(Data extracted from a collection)
+ + + + +

(* The cone and convexity properties come from the linearity of L^2 limits. For closedness,
   the hypotheses make nu a finite measure that is carried, up to a null set, by |t| < s_mu and
   gives positive mass to [x, oo) for every 0 <= x < s_mu. On [x, oo) a series with nonnegative
   coefficients dominates each of its terms, so an L^2-bounded family of such series has
   coefficients with a_n x^n <= sqrt (B / nu [x, oo)). A diagonal subsequence makes the
   coefficients converge, and Tannery's theorem identifies the L^2 limit almost everywhere with
   the limiting series sum b_n t^n. Finally, the moment comparison on the negative half-line,
   applied to the even and odd parts of sum b_n |t|^n, shows that this dominating function is
   square integrable, so the partial sums converge in L^2 by dominated convergence. *)

theory Submission
  imports Defs "HOL-Library.Diagonal_Subsequence"
begin

section \<open>Limits and convergence in L2\<close>

lemma diagonal_convergent_subseq:
  fixes a :: "nat \<Rightarrow> nat \<Rightarrow> real"
  assumes "\<And>n. bounded (range (\<lambda>k. a k n))"
  obtains r b where "strict_mono r" "\<And>n. (\<lambda>j. a (r j) n) \<longlonglongrightarrow> b n"
proof -
  interpret subseqs "\<lambda>n s. convergent (\<lambda>j. a (s j) n)"
  proof
    fix n and s :: "nat \<Rightarrow> nat"
    have "bounded (range (\<lambda>j. a (s j) n))"
      using assms[of n] by (rule bounded_subset) auto
    then obtain l r where "strict_mono r" "((\<lambda>j. a (s j) n) \<circ> r) \<longlonglongrightarrow> l"
      using bounded_imp_convergent_subsequence by blast
    then show "\<exists>r. strict_mono r \<and> convergent (\<lambda>j. a ((s \<circ> r) j) n)"
      by (auto simp: o_def convergent_def)
  qed
  have "convergent (\<lambda>j. a (diagseq j) n)" for n
  proof -
    have "convergent (\<lambda>j. a ((s \<circ> r) j) k)" if "strict_mono r" "convergent (\<lambda>j. a (s j) k)" for r s k
      using convergent_subseq_convergent[OF that(2,1)] by (simp add: o_def)
    then have "convergent (\<lambda>j. a ((diagseq \<circ> (+) (Suc n)) j) n)"
      by (rule diagseq_holds)
    then show ?thesis
      using convergent_ignore_initial_segment[of "\<lambda>j. a (diagseq j) n" "Suc n"]
      by (simp add: o_def add.commute)
  qed
  then have "(\<lambda>j. a (diagseq j) n) \<longlonglongrightarrow> lim (\<lambda>j. a (diagseq j) n)" for n
    by (simp add: convergent_LIMSEQ_iff)
  then show ?thesis
    by (rule that[OF subseq_diagseq])
qed

lemma nn_integral_tendsto_zero_dominated:
  fixes u :: "nat \<Rightarrow> 'a \<Rightarrow> real"
  assumes [measurable]: "\<And>i. u i \<in> borel_measurable M" "w \<in> borel_measurable M"
    and "\<And>i x. 0 \<le> u i x" "\<And>i. AE x in M. u i x \<le> w x" "(\<integral>\<^sup>+ x. w x \<partial>M) < \<infinity>"
    and "AE x in M. (\<lambda>i. u i x) \<longlonglongrightarrow> 0"
  shows "(\<lambda>i. \<integral>\<^sup>+ x. ennreal (u i x) \<partial>M) \<longlonglongrightarrow> 0"
proof -
  have "(\<lambda>i. \<integral>\<^sup>+ x. ennreal (norm (0 - u i x)) \<partial>M) \<longlonglongrightarrow> 0"
    by (rule nn_integral_dominated_convergence_norm[where w=w]) (use assms in auto)
  then show ?thesis
    using assms(3) by simp
qed

lemma square_add_le: "(x + y) ^ 2 \<le> 2 * x ^ 2 + 2 * (y::real) ^ 2"
proof -
  have "0 \<le> (x - y) ^ 2" by simp
  then show ?thesis by (simp add: power2_eq_square algebra_simps)
qed

lemma lincomb_square_le: "(\<alpha> * x + \<beta> * y) ^ 2 \<le> 2 * \<alpha>\<^sup>2 * x ^ 2 + 2 * \<beta>\<^sup>2 * (y::real) ^ 2"
  using square_add_le[of "\<alpha> * x" "\<beta> * y"] by (simp add: power_mult_distrib)

lemma ennreal_lincomb_square_le:
  "ennreal ((\<alpha> * x + \<beta> * y) ^ 2)
    \<le> ennreal (2 * \<alpha>\<^sup>2) * ennreal (x ^ 2) + ennreal (2 * \<beta>\<^sup>2) * ennreal ((y::real) ^ 2)"
  using lincomb_square_le[of \<alpha> x \<beta> y]
  by (simp add: ennreal_mult[symmetric] ennreal_plus[symmetric] ennreal_leI del: ennreal_plus)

+ + + + +

**Task to complete:** Given the word "fixes", show every line of the records that contains it.

**Solved exercise:**
  fixes a :: "nat \<Rightarrow> nat \<Rightarrow> real"
  fixes u :: "nat \<Rightarrow> 'a \<Rightarrow> real"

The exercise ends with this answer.